Question

Find an equation of the plane that passes through the point (1, 3, 4) and cuts off the smallest volume in the first octant.

Answer 1

Answer:

12x +4y + 3z=36

Step-by-step explanation:

The equation of plane is given by

z-zo = a(x-xo) + b(y-yo)

pass through (1,3,4)

Z -4 = a(x -1) +b(y-3)

The question is asking us to optimize a and b. To minimize the volume V both a and b should be negative as the normal vector should be towards the negative x and y direction so that a finite tetrahedron can be formed in the first octant.

we need x , y and z intercepts o define volume

x intercept( y, z =0) = $\frac{a+3b-4}{a}$

y intercept (x, z =0) = $\frac{a+3b-4}{b}$

z intercept ( x, y =0) = -(a+3b-4)

Base = $\frac{(a+3b-4)^2}{2ab}$

Volume = $\frac{1}{3}*base*height$

Volume(a, b) = $\frac{-(a+3b-4)^3}{6ab}$

now we differentiate partially in terms to a and b the volume to minimize and get a and b.

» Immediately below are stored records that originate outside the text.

lemma admissible1_integrable:
  assumes "admissible1 \<theta>0 ell h \<theta>" "0 < \<kappa>" "0 < \<theta>0" "0 \<le> \<epsilon>" "\<epsilon> \<le> 1"
  shows "set_integrable lebesgue {0..h} (\<lambda>y. 1 / sin (\<theta> y))"
    and "set_integrable lebesgue {0..h} (\<lambda>y. I_step \<epsilon> y * g1 \<theta>0 \<kappa> (\<theta> y))"
proof -
  have \<theta>: "set_borel_measurable lebesgue {0..h} \<theta>"
    and range: "\<And>y. y \<in> {0..h} \<Longrightarrow> \<theta>0 \<le> \<theta> y \<and> \<theta> y \<le> pi / 2"
    using assms(1) by (auto simp: admissible1_def)
  have inv_sin: "0 < 1 / sin (\<theta> y) \<and> 1 / sin (\<theta> y) \<le> 1 / sin \<theta>0" if "y \<in> {0..h}" for y
    using range[OF that] sin_monotone_2pi_le[of \<theta>0 "\<theta> y"] sin_gt_zero[of \<theta>0] assms(3) pi_gt_zero
    by (auto intro!: divide_left_mono)
  show "set_integrable lebesgue {0..h} (\<lambda>y. 1 / sin (\<theta> y))"
    using set_integrable_bounded_comp[OF \<theta>, of "\<lambda>t. 1 / sin t" "\<lambda>_. 1" "1 / sin \<theta>0"] inv_sin
    by fastforce
  have "\<bar>I_step \<epsilon> y * g1 \<theta>0 \<kappa> (\<theta> y)\<bar> \<le> G1 \<theta>0 \<kappa> \<theta>0 * (1 / sin \<theta>0)" if "y \<in> {0..h}" for y
  proof -
    have "0 \<le> g1 \<theta>0 \<kappa> (\<theta> y)"
      using G1_nonneg[of \<kappa> \<theta>0 "\<theta> y"] inv_sin[OF that] range[OF that] assms(2,3)
      by (simp add: g1_def)
    moreover have "g1 \<theta>0 \<kappa> (\<theta> y) \<le> G1 \<theta>0 \<kappa> \<theta>0 * (1 / sin \<theta>0)"
      using g1_le_G1_base_div_sin[of \<kappa> \<theta>0 "\<theta> y"] range[OF that] assms(2,3) inv_sin[OF that]
        G1_base_pos[of \<kappa> \<theta>0]
      by (smt (verit) mult_left_mono)
    moreover have "0 \<le> I_step \<epsilon> y" "I_step \<epsilon> y \<le> 1"
      using assms(4,5) by (auto simp: I_step_def)
    ultimately show ?thesis
      using mult_left_le_one_le[of "g1 \<theta>0 \<kappa> (\<theta> y)" "I_step \<epsilon> y"]
      by (simp add: abs_mult mult.commute)
  qed
  moreover have "g1 \<theta>0 \<kappa> \<in> borel_measurable borel"
    unfolding g1_def G1_def by measurable
  moreover have "I_step \<epsilon> \<in> borel_measurable borel"
    unfolding I_step_def by measurable
  ultimately show "set_integrable lebesgue {0..h} (\<lambda>y. I_step \<epsilon> y * g1 \<theta>0 \<kappa> (\<theta> y))"
    using set_integrable_bounded_comp[OF \<theta>] by blast
qed

lemma weighted_g1_le_support:
  assumes "0 < sin \<theta>" "0 \<le> \<epsilon>" "\<epsilon> * (1 + \<mu>) = 1"
    and "G1 \<theta>0 \<kappa> \<theta> \<le> c0 * (1 - \<mu> * (ell * sin \<theta> - 1))"
  shows "\<epsilon> * g1 \<theta>0 \<kappa> \<theta> \<le> c0 * (1 / sin \<theta>) - (1 - \<epsilon>) * c0 * ell"
proof -
  have "\<epsilon> * g1 \<theta>0 \<kappa> \<theta> \<le> \<epsilon> * (c0 * (1 - \<mu> * (ell * sin \<theta> - 1)) / sin \<theta>)"
    using assms by (simp add: g1_def divide_right_mono mult_left_mono)
  also have "\<dots> = (\<epsilon> * (1 + \<mu>)) * c0 * (1 / sin \<theta>) - (\<epsilon> * \<mu>) * c0 * ell"
    using assms(1) by (simp add: field_simps)
  also have "\<epsilon> * (1 + \<mu>) = 1"
    by fact
  also have "\<epsilon> * \<mu> = 1 - \<epsilon>"
    using assms(3) by (simp add: algebra_simps)
  finally show ?thesis
    by simp
qed

lemma J1_I_step_le:
  assumes "0 < \<kappa>" "0 < \<theta>0" "0 < \<mu>" "\<epsilon> * (1 + \<mu>) = 1"
    and support: "\<And>\<theta>. \<theta> \<in> {\<theta>0..pi/2} \<Longrightarrow>
      G1 \<theta>0 \<kappa> \<theta> \<le> G1 \<theta>0 \<kappa> \<theta>0 * (1 - \<mu> * (ell * sin \<theta> - 1))"
    and adm: "admissible1 \<theta>0 ell h \<theta>"
  shows "J1 (I_step \<epsilon>) \<theta>0 \<kappa> h \<theta> \<le> \<epsilon> * G1 \<theta>0 \<kappa> \<theta>0 * ell"
proof -
  define c0 where "c0 = G1 \<theta>0 \<kappa> \<theta>0"
  have "\<epsilon> = 1 / (1 + \<mu>)"
    using assms(3,4) by (simp add: eq_divide_eq)
  then have "0 < \<epsilon>" "\<epsilon> < 1"
    using assms(3) by simp_all
  have range: "\<theta>0 \<le> \<theta> y" "\<theta> y \<le> pi / 2" if "y \<in> {0..h}" for y
    using adm that by (auto simp: admissible1_def)
  have length: "(LINT y:{0..h}|lebesgue. 1 / sin (\<theta> y)) = ell"
    using adm by (simp add: admissible1_def)
  have sin_pos: "0 < sin (\<theta> y)" if "y \<in> {0..h}" for y
    using range[OF that] assms(2) pi_gt_zero by (intro sin_gt_zero) linarith+
  have int: "set_integrable lebesgue {0..h} (\<lambda>y. 1 / sin (\<theta> y))"
    "set_integrable lebesgue {0..h} (\<lambda>y. I_step \<epsilon> y * g1 \<theta>0 \<kappa> (\<theta> y))"
    using \<open>0 < \<epsilon>\<close> \<open>\<epsilon> < 1\<close>
    by (intro admissible1_integrable[OF adm \<open>0 < \<kappa>\<close> \<open>0 < \<theta>0\<close>, of \<epsilon>]; simp)+
  have g1_le: "g1 \<theta>0 \<kappa> (\<theta> y) \<le> c0 * (1 / sin (\<theta> y))" if "y \<in> {0..h}" for y
    using g1_le_G1_base_div_sin[OF assms(1,2) range[OF that]] by (simp add: c0_def)
  show ?thesis
  proof (cases "h \<le> 1")
    case True
    have "J1 (I_step \<epsilon>) \<theta>0 \<kappa> h \<theta> \<le> (LINT y:{0..h}|lebesgue. \<epsilon> * c0 * (1 / sin (\<theta> y)))"
      unfolding J1_def
    proof (rule set_integral_mono)
      fix y assume "y \<in> {0..h}"
      then show "I_step \<epsilon> y * g1 \<theta>0 \<kappa> (\<theta> y) \<le> \<epsilon> * c0 * (1 / sin (\<theta> y))"
        using True mult_left_mono[OF g1_le, of y \<epsilon>] \<open>0 < \<epsilon>\<close> by (simp add: I_step_def)
    qed (use int set_integrable_mult_right[OF int(1), of "\<epsilon> * c0"] in auto)
    also have "\<dots> = \<epsilon> * c0 * ell"
      by (simp only: set_integral_mult_right length)
    finally show ?thesis by (simp add: c0_def)
  next
    case False
    have step: "set_integrable lebesgue {0..h} (\<lambda>y. if y \<le> 1 then 1 else 0 :: real)"
      "(LINT y:{0..h}|lebesgue. if y \<le> 1 then 1 else 0 :: real) = 1"
      using set_integral_Icc_step[of 1 h 1 0] False by auto
    have majorant_int: "set_integrable lebesgue {0..h}
        (\<lambda>y. c0 * (1 / sin (\<theta> y)) - (1 - \<epsilon>) * c0 * ell * (if y \<le> 1 then 1 else 0))"
      using set_integrable_mult_right[OF int(1), of c0]
        set_integrable_mult_right[OF step(1), of "(1 - \<epsilon>) * c0 * ell"]
      by (rule set_integral_diff(1))
    have "J1 (I_step \<epsilon>) \<theta>0 \<kappa> h \<theta> \<le> (LINT y:{0..h}|lebesgue.
        c0 * (1 / sin (\<theta> y)) - (1 - \<epsilon>) * c0 * ell * (if y \<le> 1 then 1 else 0))"
      unfolding J1_def
    proof (rule set_integral_mono)
      fix y assume "y \<in> {0..h}"
      then show "I_step \<epsilon> y * g1 \<theta>0 \<kappa> (\<theta> y) \<le>
          c0 * (1 / sin (\<theta> y)) - (1 - \<epsilon>) * c0 * ell * (if y \<le> 1 then 1 else 0)"
        using weighted_g1_le_support[OF sin_pos _ assms(4) support] \<open>0 < \<epsilon>\<close> g1_le range
        by (auto simp: I_step_def c0_def)
    qed (use int majorant_int in auto)
    also have "\<dots> = c0 * ell - (1 - \<epsilon>) * c0 * ell"
      using set_integrable_mult_right[OF int(1), of c0]
        set_integrable_mult_right[OF step(1), of "(1 - \<epsilon>) * c0 * ell"]
      by (simp only: set_integral_diff(2) set_integral_mult_right length step(2) mult_1_right)
    finally show ?thesis by (simp add: c0_def algebra_simps)
  qed
qed

lemma constant_profile_J1:
  assumes "0 < \<theta>0" "\<theta>0 \<le> pi / 2" "0 < ell" "ell * sin \<theta>0 \<le> 1"
  shows "admissible1 \<theta>0 ell (ell * sin \<theta>0) (\<lambda>_. \<theta>0)"
    and "J1 (I_step \<epsilon>) \<theta>0 \<kappa> (ell * sin \<theta>0) (\<lambda>_. \<theta>0) = \<epsilon> * G1 \<theta>0 \<kappa> \<theta>0 * ell"
proof -
  let ?h = "ell * sin \<theta>0"
  have "0 < sin \<theta>0"
    using assms(1,2) pi_gt_zero by (intro sin_gt_zero) linarith+
  then have "0 < ?h"
    using assms(3) by simp
  have const: "(LINT y:{0..?h}|lebesgue. c) = c * ?h" for c :: real
    using \<open>0 < ?h\<close> by (simp add: set_integral_const)
  have "set_borel_measurable lebesgue {0..?h} (\<lambda>_. \<theta>0)"
    unfolding set_borel_measurable_def by (rule measurable_completion) measurable
  then show "admissible1 \<theta>0 ell ?h (\<lambda>_. \<theta>0)"
    using \<open>0 < ?h\<close> \<open>0 < sin \<theta>0\<close> assms(2) by (auto simp: admissible1_def const)
  have "J1 (I_step \<epsilon>) \<theta>0 \<kappa> ?h (\<lambda>_. \<theta>0) = (LINT y:{0..?h}|lebesgue. \<epsilon> * g1 \<theta>0 \<kappa> \<theta>0)"
    unfolding J1_def using assms(4) by (intro set_lebesgue_integral_cong) (auto simp: I_step_def)
  also have "\<dots> = \<epsilon> * G1 \<theta>0 \<kappa> \<theta>0 * ell"
    using \<open>0 < sin \<theta>0\<close> by (simp add: const g1_def)
  finally show "J1 (I_step \<epsilon>) \<theta>0 \<kappa> ?h (\<lambda>_. \<theta>0) = \<epsilon> * G1 \<theta>0 \<kappa> \<theta>0 * ell" .
qed

lemma broken_profile_J1:
  assumes "0 < \<theta>0" "\<theta>0 \<le> \<theta>1" "\<theta>1 \<le> pi / 2" "1 < ell * sin \<theta>1" "\<epsilon> * (1 + \<mu>) = 1"
    and "G1 \<theta>0 \<kappa> \<theta>1 = G1 \<theta>0 \<kappa> \<theta>0 * (1 - \<mu> * (ell * sin \<theta>1 - 1))"
  defines "h \<equiv> 1 + (ell - 1 / sin \<theta>1) * sin \<theta>0"
  shows "1 < h"
    and "admissible1 \<theta>0 ell h (\<lambda>y. if y \<le> 1 then \<theta>1 else \<theta>0)"
    and "J1 (I_step \<epsilon>) \<theta>0 \<kappa> h (\<lambda>y. if y \<le> 1 then \<theta>1 else \<theta>0) = \<epsilon> * G1 \<theta>0 \<kappa> \<theta>0 * ell"
proof -
  let ?\<theta> = "\<lambda>y::real. if y \<le> 1 then \<theta>1 else \<theta>0"
  have "0 < sin \<theta>0" "0 < sin \<theta>1"
    using assms(1-3) pi_gt_zero by (auto intro!: sin_gt_zero)
  moreover have "1 / sin \<theta>1 < ell"
    using assms(4) \<open>0 < sin \<theta>1\<close> by (simp add: divide_less_eq mult.commute)
  ultimately show "1 < h"
    by (simp add: h_def)
  note step = set_integral_Icc_step[OF zero_le_one less_imp_le[OF \<open>1 < h\<close>]]
  have "(LINT y:{0..h}|lebesgue. 1 / sin (?\<theta> y)) = 1 / sin \<theta>1 + 1 / sin \<theta>0 * (h - 1)"
    using step(2)[of "1 / sin \<theta>1" "1 / sin \<theta>0"] by (simp add: if_distrib)
  also have "\<dots> = ell"
    using \<open>0 < sin \<theta>0\<close> by (simp add: h_def)
  moreover have "set_borel_measurable lebesgue {0..h} ?\<theta>"
    unfolding set_borel_measurable_def by (rule measurable_completion) measurable
  ultimately show "admissible1 \<theta>0 ell h ?\<theta>"
    using \<open>1 < h\<close> assms(1-3) by (auto simp: admissible1_def)
  have "(\<lambda>y. I_step \<epsilon> y * g1 \<theta>0 \<kappa> (?\<theta> y)) =
      (\<lambda>y. if y \<le> 1 then \<epsilon> * g1 \<theta>0 \<kappa> \<theta>1 else g1 \<theta>0 \<kappa> \<theta>0)"
    by (simp add: I_step_def fun_eq_iff)
  then have "J1 (I_step \<epsilon>) \<theta>0 \<kappa> h ?\<theta> = \<epsilon> * g1 \<theta>0 \<kappa> \<theta>1 + g1 \<theta>0 \<kappa> \<theta>0 * (h - 1)"
    unfolding J1_def by (simp only: step(2))
  also have "\<dots> = (\<epsilon> * (1 + \<mu>)) * G1 \<theta>0 \<kappa> \<theta>0 / sin \<theta>1 - (\<epsilon> * \<mu>) * G1 \<theta>0 \<kappa> \<theta>0 * ell
      + G1 \<theta>0 \<kappa> \<theta>0 * ell - G1 \<theta>0 \<kappa> \<theta>0 / sin \<theta>1"
    using \<open>0 < sin \<theta>0\<close> \<open>0 < sin \<theta>1\<close> by (simp add: g1_def h_def assms(6) field_simps)
  also have "\<epsilon> * (1 + \<mu>) = 1"
    by fact
  also have "\<epsilon> * \<mu> = 1 - \<epsilon>"
    using assms(5) by (simp add: algebra_simps)
  finally show "J1 (I_step \<epsilon>) \<theta>0 \<kappa> h ?\<theta> = \<epsilon> * G1 \<theta>0 \<kappa> \<theta>0 * ell"
    by (simp add: algebra_simps)
qed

ΔV(a, b) = $\frac{-1}{6}(\frac{3(a+3b-4)^2ab-b(a+3b-4)^3}{a^2b^2}$ ,$\frac{-1}{6}(\frac{9(a+3b-4)^2ab-a(a+3b-4)^3}{a^2b^2}$  = 0

Taking the first part of differential it will give

b(a+3b-4) [3a -(a+3b -4)] =0

(a+3b-4) $\neq 0$ because the volume will become zero if this becomes true

2a -3b = -4  ..................(1)

similarly the second part of the differential will give

a-6b=4 ................(2)

on solving 1 and 2 we get

a = -4 and b = -4/3

so the equation will be

Z -4 = -4(x -1) - 4/3*(y-3)

final equation

12x +4y + 3z=36